▶ **Records from a collection**:
○ ○ ○ ○ ○

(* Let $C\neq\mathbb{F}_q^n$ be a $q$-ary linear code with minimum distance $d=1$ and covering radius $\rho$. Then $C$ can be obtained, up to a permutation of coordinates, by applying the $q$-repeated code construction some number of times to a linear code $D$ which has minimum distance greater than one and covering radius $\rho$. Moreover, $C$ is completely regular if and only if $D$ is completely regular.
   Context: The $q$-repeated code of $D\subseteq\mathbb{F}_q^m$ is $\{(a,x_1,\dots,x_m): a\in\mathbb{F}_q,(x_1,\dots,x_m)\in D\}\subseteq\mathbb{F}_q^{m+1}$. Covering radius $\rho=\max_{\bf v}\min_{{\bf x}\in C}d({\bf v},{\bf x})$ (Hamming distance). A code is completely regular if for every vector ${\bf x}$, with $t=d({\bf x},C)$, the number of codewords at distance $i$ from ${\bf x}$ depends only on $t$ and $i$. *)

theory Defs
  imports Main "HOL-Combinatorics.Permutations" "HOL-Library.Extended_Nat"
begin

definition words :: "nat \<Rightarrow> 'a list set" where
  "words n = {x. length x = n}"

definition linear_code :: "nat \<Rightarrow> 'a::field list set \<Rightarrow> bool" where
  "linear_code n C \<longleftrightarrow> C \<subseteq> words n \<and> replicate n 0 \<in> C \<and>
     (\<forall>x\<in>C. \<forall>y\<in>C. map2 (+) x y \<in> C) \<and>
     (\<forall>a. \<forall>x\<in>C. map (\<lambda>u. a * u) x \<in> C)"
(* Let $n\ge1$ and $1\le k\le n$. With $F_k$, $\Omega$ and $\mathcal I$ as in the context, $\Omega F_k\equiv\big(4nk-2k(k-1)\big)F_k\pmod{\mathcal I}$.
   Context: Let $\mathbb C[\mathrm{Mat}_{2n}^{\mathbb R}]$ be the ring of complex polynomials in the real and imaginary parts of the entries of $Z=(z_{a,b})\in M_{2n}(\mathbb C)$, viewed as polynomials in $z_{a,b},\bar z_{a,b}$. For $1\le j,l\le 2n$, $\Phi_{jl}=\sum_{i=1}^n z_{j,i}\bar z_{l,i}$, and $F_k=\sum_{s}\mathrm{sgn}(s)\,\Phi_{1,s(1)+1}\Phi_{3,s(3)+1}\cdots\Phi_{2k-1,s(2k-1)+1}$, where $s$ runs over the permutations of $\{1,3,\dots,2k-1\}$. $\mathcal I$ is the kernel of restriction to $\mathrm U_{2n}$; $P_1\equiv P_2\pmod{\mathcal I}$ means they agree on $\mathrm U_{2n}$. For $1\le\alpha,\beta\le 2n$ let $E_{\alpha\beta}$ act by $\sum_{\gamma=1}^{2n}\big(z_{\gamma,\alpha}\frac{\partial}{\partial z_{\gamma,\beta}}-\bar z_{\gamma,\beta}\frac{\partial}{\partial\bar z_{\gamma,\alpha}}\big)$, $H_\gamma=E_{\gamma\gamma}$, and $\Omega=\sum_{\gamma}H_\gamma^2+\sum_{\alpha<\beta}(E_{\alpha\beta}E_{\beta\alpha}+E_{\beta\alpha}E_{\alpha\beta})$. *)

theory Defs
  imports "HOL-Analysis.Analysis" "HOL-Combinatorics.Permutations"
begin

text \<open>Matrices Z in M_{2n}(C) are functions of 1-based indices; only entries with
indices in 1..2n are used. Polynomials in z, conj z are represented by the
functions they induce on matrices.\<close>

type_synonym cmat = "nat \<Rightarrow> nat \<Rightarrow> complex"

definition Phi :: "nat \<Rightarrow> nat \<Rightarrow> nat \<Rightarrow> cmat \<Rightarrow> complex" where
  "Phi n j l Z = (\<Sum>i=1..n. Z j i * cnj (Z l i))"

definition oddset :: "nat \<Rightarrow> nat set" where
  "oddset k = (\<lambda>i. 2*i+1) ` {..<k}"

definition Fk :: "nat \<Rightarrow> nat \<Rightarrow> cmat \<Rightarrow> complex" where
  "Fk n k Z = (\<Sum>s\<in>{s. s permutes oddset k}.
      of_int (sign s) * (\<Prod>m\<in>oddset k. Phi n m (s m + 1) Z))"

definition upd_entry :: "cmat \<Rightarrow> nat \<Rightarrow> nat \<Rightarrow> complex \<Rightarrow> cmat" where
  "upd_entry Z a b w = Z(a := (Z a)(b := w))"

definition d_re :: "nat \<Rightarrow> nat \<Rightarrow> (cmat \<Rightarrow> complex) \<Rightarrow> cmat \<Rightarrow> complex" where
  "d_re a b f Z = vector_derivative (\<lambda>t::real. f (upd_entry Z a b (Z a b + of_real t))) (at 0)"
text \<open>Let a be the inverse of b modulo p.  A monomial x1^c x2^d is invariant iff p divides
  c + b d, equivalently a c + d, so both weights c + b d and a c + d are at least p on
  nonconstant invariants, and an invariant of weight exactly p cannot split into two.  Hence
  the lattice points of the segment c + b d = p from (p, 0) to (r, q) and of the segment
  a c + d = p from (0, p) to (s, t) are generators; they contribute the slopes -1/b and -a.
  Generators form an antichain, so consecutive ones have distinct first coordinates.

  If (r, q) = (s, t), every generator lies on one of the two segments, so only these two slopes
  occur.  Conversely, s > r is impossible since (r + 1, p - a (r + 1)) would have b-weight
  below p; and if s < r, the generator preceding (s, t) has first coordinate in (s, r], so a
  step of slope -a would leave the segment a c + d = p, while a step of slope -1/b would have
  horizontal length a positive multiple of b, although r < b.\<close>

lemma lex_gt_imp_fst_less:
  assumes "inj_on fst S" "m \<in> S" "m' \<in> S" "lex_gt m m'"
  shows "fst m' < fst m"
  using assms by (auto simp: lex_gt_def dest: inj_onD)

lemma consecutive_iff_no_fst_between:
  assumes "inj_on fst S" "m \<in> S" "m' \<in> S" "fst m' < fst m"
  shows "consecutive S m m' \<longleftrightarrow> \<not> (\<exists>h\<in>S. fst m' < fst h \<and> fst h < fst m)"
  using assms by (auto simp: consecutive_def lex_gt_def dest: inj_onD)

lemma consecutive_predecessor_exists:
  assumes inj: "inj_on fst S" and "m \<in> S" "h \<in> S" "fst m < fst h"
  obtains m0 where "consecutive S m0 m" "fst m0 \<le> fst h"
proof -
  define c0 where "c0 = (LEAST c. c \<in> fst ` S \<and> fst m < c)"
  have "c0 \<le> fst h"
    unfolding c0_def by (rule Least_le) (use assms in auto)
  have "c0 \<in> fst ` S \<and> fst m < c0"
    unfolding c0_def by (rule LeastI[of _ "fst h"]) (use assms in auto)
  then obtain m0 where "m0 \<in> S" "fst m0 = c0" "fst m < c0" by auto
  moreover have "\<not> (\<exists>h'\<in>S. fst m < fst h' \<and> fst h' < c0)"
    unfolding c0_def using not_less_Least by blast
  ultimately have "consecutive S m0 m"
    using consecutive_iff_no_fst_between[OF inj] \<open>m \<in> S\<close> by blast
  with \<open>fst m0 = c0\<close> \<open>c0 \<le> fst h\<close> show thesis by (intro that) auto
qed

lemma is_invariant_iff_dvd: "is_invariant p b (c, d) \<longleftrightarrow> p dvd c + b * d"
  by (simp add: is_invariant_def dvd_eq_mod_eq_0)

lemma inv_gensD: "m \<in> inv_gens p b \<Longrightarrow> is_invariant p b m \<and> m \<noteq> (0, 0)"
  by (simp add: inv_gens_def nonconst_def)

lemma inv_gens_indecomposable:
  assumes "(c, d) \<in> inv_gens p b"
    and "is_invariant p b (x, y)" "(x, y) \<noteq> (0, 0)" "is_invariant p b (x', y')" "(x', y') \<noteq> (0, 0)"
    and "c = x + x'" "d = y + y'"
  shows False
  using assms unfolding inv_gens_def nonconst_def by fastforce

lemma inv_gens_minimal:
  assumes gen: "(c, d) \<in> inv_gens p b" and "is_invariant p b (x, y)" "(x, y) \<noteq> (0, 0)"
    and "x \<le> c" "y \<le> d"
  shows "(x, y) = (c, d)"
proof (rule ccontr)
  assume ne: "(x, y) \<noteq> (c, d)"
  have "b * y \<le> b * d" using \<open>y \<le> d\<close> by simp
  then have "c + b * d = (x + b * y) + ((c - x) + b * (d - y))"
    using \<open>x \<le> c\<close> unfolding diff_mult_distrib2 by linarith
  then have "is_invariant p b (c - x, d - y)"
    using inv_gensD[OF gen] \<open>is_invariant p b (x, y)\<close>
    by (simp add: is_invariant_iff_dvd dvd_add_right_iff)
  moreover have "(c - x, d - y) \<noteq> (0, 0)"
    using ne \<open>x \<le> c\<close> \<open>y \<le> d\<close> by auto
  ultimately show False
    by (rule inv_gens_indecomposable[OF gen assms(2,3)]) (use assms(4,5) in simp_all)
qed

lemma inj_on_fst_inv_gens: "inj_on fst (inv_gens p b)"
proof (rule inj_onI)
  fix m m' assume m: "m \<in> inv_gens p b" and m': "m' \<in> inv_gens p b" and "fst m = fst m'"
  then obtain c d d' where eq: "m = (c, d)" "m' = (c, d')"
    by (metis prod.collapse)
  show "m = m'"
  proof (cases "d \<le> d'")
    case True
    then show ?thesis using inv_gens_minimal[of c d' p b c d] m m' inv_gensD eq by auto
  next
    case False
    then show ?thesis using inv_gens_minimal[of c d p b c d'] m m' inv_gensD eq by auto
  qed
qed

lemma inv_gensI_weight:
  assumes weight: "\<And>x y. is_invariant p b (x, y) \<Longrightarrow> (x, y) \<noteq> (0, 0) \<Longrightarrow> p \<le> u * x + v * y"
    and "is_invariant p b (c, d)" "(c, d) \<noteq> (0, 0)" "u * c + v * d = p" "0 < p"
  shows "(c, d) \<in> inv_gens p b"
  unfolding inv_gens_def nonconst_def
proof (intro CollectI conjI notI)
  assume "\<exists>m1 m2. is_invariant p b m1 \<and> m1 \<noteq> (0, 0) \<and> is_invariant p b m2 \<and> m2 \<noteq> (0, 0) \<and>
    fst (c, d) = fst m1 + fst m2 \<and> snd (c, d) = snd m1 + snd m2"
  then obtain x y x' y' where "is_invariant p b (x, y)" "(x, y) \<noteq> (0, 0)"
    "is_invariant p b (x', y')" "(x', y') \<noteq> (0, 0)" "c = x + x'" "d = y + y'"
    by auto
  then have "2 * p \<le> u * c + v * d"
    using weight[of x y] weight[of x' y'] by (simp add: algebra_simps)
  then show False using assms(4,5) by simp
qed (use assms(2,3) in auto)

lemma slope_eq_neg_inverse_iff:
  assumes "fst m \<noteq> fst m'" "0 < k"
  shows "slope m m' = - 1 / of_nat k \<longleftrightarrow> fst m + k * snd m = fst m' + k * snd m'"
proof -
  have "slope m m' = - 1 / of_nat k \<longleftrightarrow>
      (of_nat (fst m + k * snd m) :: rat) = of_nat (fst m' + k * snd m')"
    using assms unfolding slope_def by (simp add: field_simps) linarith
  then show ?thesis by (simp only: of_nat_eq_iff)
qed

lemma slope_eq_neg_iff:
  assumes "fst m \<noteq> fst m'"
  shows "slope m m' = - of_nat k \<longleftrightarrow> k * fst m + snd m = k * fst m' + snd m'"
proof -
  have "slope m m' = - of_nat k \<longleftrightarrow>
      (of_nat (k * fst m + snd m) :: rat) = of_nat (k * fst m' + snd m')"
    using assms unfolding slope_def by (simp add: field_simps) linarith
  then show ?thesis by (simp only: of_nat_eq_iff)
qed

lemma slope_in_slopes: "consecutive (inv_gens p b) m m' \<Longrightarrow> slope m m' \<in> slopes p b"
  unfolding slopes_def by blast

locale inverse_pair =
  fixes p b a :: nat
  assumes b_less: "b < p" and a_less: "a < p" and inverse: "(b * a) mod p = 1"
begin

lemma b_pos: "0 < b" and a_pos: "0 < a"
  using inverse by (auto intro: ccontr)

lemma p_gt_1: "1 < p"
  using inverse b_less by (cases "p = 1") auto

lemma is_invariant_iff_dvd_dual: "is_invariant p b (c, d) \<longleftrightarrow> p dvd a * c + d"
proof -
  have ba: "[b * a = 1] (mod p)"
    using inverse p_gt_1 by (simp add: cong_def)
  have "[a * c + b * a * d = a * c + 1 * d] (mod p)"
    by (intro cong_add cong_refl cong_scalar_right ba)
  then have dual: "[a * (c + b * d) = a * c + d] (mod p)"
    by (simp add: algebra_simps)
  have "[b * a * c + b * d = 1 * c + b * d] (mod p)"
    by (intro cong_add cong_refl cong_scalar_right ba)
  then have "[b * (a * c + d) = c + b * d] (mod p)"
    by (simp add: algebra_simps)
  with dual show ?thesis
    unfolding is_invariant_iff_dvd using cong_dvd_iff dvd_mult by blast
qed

○ ○ ○ ○ ○

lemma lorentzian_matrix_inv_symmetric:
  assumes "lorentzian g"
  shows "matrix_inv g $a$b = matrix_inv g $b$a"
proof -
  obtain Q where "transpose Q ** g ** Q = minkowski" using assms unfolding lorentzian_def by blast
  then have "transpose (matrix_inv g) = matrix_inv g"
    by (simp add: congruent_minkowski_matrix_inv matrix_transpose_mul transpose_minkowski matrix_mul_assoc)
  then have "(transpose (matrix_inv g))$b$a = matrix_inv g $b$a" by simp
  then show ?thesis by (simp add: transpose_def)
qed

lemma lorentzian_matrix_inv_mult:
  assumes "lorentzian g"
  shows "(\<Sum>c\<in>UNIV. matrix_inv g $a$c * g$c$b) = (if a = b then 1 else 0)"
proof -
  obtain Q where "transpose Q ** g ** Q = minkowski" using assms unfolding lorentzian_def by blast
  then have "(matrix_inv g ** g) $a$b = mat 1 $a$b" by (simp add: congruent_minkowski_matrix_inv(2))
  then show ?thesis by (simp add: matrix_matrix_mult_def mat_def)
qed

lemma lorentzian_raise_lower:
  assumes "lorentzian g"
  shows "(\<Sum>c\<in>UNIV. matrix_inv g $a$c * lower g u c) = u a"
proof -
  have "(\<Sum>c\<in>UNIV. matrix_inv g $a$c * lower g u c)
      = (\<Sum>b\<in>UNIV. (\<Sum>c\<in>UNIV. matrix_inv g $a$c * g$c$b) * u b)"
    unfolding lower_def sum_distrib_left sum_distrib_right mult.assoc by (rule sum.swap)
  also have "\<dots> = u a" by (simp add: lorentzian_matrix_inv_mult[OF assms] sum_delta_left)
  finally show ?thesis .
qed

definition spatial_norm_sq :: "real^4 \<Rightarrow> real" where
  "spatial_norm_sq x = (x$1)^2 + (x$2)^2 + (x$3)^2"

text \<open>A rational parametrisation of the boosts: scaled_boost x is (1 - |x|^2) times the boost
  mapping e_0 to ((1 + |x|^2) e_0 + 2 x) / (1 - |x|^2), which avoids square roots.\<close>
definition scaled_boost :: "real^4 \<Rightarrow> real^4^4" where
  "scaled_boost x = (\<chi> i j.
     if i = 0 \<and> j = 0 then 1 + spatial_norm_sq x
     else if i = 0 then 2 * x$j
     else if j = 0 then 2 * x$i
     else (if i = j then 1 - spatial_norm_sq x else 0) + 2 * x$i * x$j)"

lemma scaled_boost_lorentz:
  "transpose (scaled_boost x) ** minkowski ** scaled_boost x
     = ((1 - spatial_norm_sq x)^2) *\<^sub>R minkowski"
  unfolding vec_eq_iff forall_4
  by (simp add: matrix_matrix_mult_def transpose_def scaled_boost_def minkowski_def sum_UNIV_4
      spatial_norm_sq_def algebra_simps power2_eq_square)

○ ○ ○ ○ ○

▶ **BRIEF**: Going back over the entries above, copy word for word every line from the one that has "lorentzian_matrix_inv_mult[OF assms] sum_delta_left)" on through the one that has "spatial_norm_sq_def algebra_simps power2_eq_square)".

▶ **ANSWER TO THIS TASK**:
  also have "\<dots> = u a" by (simp add: lorentzian_matrix_inv_mult[OF assms] sum_delta_left)
  finally show ?thesis .
qed

definition spatial_norm_sq :: "real^4 \<Rightarrow> real" where
  "spatial_norm_sq x = (x$1)^2 + (x$2)^2 + (x$3)^2"

text \<open>A rational parametrisation of the boosts: scaled_boost x is (1 - |x|^2) times the boost
  mapping e_0 to ((1 + |x|^2) e_0 + 2 x) / (1 - |x|^2), which avoids square roots.\<close>
definition scaled_boost :: "real^4 \<Rightarrow> real^4^4" where
  "scaled_boost x = (\<chi> i j.
     if i = 0 \<and> j = 0 then 1 + spatial_norm_sq x
     else if i = 0 then 2 * x$j
     else if j = 0 then 2 * x$i
     else (if i = j then 1 - spatial_norm_sq x else 0) + 2 * x$i * x$j)"

lemma scaled_boost_lorentz:
  "transpose (scaled_boost x) ** minkowski ** scaled_boost x
     = ((1 - spatial_norm_sq x)^2) *\<^sub>R minkowski"
  unfolding vec_eq_iff forall_4
  by (simp add: matrix_matrix_mult_def transpose_def scaled_boost_def minkowski_def sum_UNIV_4
      spatial_norm_sq_def algebra_simps power2_eq_square)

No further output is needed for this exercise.